A EC 132 representou uma resposta a décadas de ansiedade por uma reforma constitucional tributária capaz de proporcionar segurança jurídica, confiabilidade aos investimentos, crescimento econômico, justiça e desenvolvimento social. Como demonstraremos ao longo deste artigo, a incorporação expressa da transparência no texto constitucional não é apenas simbólica, mas carrega uma força normativa transformadora que se irradiará por todo o ordenamento jurídico tributário.

Pilares da transparência tributária
A constitucionalização da transparência tributária estrutura-se em alguns elementos fundamentais que impactam significativamente a relação entre Fisco e contribuintes. Estes elementos funcionam de forma integrada e complementar, criando um sistema robusto de accountability fiscal.

O primeiro elemento é o acesso à informação, que transcende a mera disponibilização de dados para constituir-se em verdadeiro direito subjetivo do contribuinte. Não se trata apenas do direito de obter informações pontuais, mas da criação de uma cultura organizacional voltada para a disponibilização sistemática, clara e tempestiva de dados tributários.

A transparência ativa exige que o próprio Estado disponibilize proativamente informações relevantes, antecipando-se às demandas dos contribuintes. A transparência passiva, por sua vez, garante ao cidadão o direito de solicitar esclarecimentos específicos e de receber respostas adequadas em prazo razoável.

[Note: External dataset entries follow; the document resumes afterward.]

definition is_R_matrix :: "('k::field \<Rightarrow> 'a::ab_group_add \<Rightarrow> 'a) \<Rightarrow> ('a \<Rightarrow> 'a \<Rightarrow> 'a) \<Rightarrow> ('a \<Rightarrow> 'a) \<Rightarrow> bool" where
  "is_R_matrix scale br S \<longleftrightarrow> lie_algebra scale (bracketS scale br S)"

definition mCYBE :: "('k::field \<Rightarrow> 'a::ab_group_add \<Rightarrow> 'a) \<Rightarrow> ('a \<Rightarrow> 'a \<Rightarrow> 'a) \<Rightarrow> ('a \<Rightarrow> 'a) \<Rightarrow> 'k \<Rightarrow> bool" where
  "mCYBE scale br S c \<longleftrightarrow> (\<forall>x y. BS br S x y = scale (- (c^2)) (br x y))"

definition prod_scale :: "('k \<Rightarrow> 'a \<Rightarrow> 'a) \<Rightarrow> 'k \<Rightarrow> 'a \<times> 'a \<Rightarrow> 'a \<times> 'a" where
  "prod_scale scale a p = (scale a (fst p), scale a (snd p))"

definition prod_br :: "('a \<Rightarrow> 'a \<Rightarrow> 'a) \<Rightarrow> 'a \<times> 'a \<Rightarrow> 'a \<times> 'a \<Rightarrow> 'a \<times> 'a" where
  "prod_br br p q = (br (fst p) (fst q), br (snd p) (snd q))"

definition calR :: "('k \<Rightarrow> 'a::ab_group_add \<Rightarrow> 'a) \<Rightarrow> ('a \<Rightarrow> 'a) \<Rightarrow> 'k \<Rightarrow> 'a \<times> 'a \<Rightarrow> 'a \<times> 'a" where
  "calR scale R c p = (R (fst p - snd p) + scale c (snd p), R (fst p - snd p) + scale c (fst p))"

definition lie_ideal :: "('k::field \<Rightarrow> 'a::ab_group_add \<Rightarrow> 'a) \<Rightarrow> ('a \<Rightarrow> 'a \<Rightarrow> 'a) \<Rightarrow> 'a set \<Rightarrow> bool" where
  "lie_ideal scale br I \<longleftrightarrow> module.subspace scale I \<and> (\<forall>x y. y \<in> I \<longrightarrow> br x y \<in> I)"

fun derived_series :: "('k::field \<Rightarrow> 'a::ab_group_add \<Rightarrow> 'a) \<Rightarrow> ('a \<Rightarrow> 'a \<Rightarrow> 'a) \<Rightarrow> 'a set \<Rightarrow> nat \<Rightarrow> 'a set" where
  "derived_series scale br I 0 = I"
| "derived_series scale br I (Suc n) =
     module.span scale {br x y | x y. x \<in> derived_series scale br I n \<and> y \<in> derived_series scale br I n}"

definition lie_solvable :: "('k::field \<Rightarrow> 'a::ab_group_add \<Rightarrow> 'a) \<Rightarrow> ('a \<Rightarrow> 'a \<Rightarrow> 'a) \<Rightarrow> 'a set \<Rightarrow> bool" where
  "lie_solvable scale br I \<longleftrightarrow> (\<exists>n. derived_series scale br I n = {0})"

definition semisimple :: "('k::field \<Rightarrow> 'a::ab_group_add \<Rightarrow> 'a) \<Rightarrow> ('a \<Rightarrow> 'a \<Rightarrow> 'a) \<Rightarrow> bool" where
  "semisimple scale br \<longleftrightarrow> lie_algebra scale br \<and>
     (\<exists>B. finite B \<and> module.span scale B = UNIV) \<and>
     (\<forall>I. lie_ideal scale br I \<and> lie_solvable scale br I \<longrightarrow> I = {0})"

end

theory Submission
  imports Defs
begin

text \<open>
  For a linear endomorphism S of a Lie algebra over a field of
  characteristic 0, the bracket [x,y]_S is automatically bilinear and alternating,
  and a direct expansion using the Jacobi identity gives
    4 (cyclic sum of [[x,y]_S,z]_S) = - (cyclic sum of [B_S(x,y),z]).
  Hence S is an R-matrix iff the cyclic sum of [B_S(x,y),z] vanishes identically
  (lemma rmatrix_iff_jacobiator_BS).  We apply this criterion to the Lie algebra
  g x g and S = calR.  Writing D(a,b) = B_R(a,b) + c^2 [a,b], each component of
  B_calR((x1,x2),(y1,y2)) is D(x1-x2,y1-y2) minus c^2 times the bracket of the
  components; the latter terms cancel in the cyclic sum by the Jacobi identity,
  which leaves a sum of brackets [D(.,.), z_i].  This vanishes for all arguments
  iff every D(x,y) is central (lemma rmatrix_calR_iff_central).  Finally, the
  center of a semisimple Lie algebra is an abelian, hence solvable, ideal and
  is therefore zero, so centrality of D(x,y) becomes the mCYBE.
\<close>

definition jacobiator :: "('a::ab_group_add \<Rightarrow> 'a \<Rightarrow> 'a) \<Rightarrow> ('a \<Rightarrow> 'a \<Rightarrow> 'a) \<Rightarrow> 'a \<Rightarrow> 'a \<Rightarrow> 'a \<Rightarrow> 'a" where
  "jacobiator br f x y z = br (f x y) z + br (f y z) x + br (f z x) y"

locale lie_alg = vector_space scale for scale :: "'k::field_char_0 \<Rightarrow> 'a::ab_group_add \<Rightarrow> 'a" +
  fixes br :: "'a \<Rightarrow> 'a \<Rightarrow> 'a"
  assumes add_left: "br (a + b) y = br a y + br b y"
    and scale_left: "br (scale r a) y = scale r (br a y)"
    and add_right: "br x (a + b) = br x a + br x b"
    and scale_right: "br x (scale r b) = scale r (br x b)"
    and alternating: "br x x = 0"
    and jacobi: "br x (br y z) + br y (br z x) + br z (br x y) = 0"

lemma lie_algebra_iff_lie_alg: "lie_algebra scale br \<longleftrightarrow> lie_alg scale br"
  unfolding lie_algebra_def lie_alg_def lie_alg_axioms_def Vector_Spaces.linear_iff by auto

lemma linear_iff_additive_homogeneous:
  "Vector_Spaces.linear scale scale S \<longleftrightarrow> vector_space scale \<and>
     (\<forall>x y. S (x + y) = S x + S y) \<and> (\<forall>r x. S (scale r x) = scale r (S x))"
  unfolding Vector_Spaces.linear_iff by auto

O segundo pilar é a motivação das decisões, elemento que ganha nova dimensão e força com a constitucionalização da transparência. A fundamentação adequada das decisões não é apenas uma garantia contra a arbitrariedade, mas permite o controle da adequação dos atos administrativos aos objetivos e missões dos órgãos estatais. A motivação possibilita a sindicabilidade jurisdicional na medida em que serve a todos os envolvidos, partes e interessados, e representa uma expressão dos princípios da publicidade, transparência, da imparcialidade e do devido processo legal.

A Lei nº 13.655/2018, que alterou a Lei de Introdução às Normas do Direito Brasileiro (Lindb), já havia estabelecido uma nova dimensão para o dever de motivar, determinando que “a motivação demonstrará a necessidade e a adequação da medida imposta ou da invalidação de ato, contrato, ajuste, processo ou norma administrativa, inclusive em face das possíveis alternativas”. [1] Agora, com a transparência constitucionalizada, este dever se fortalece e ganha status de exigência constitucional explícita, vedando decisões vagas, obscuras, insindicáveis ou impermeáveis.

O terceiro elemento é a participação social na tributação, que representa talvez a mudança mais revolucionária introduzida pela constitucionalização da transparência. Trata-se de um reconhecimento da importância da cidadania participativa para legitimação das ações da Administração e corolário natural do direito de acesso à informação.

A participação popular estabelece um novo paradigma, permitindo que os cidadãos deixam de ser sujeitos passivos das ações governamentais para tornarem-se partícipes ativos, com poder decisório nas políticas públicas a serem adotadas e executadas. Esta participação melhora o processo democrático e possibilita a tomada de decisões mais legítimas e eficientes.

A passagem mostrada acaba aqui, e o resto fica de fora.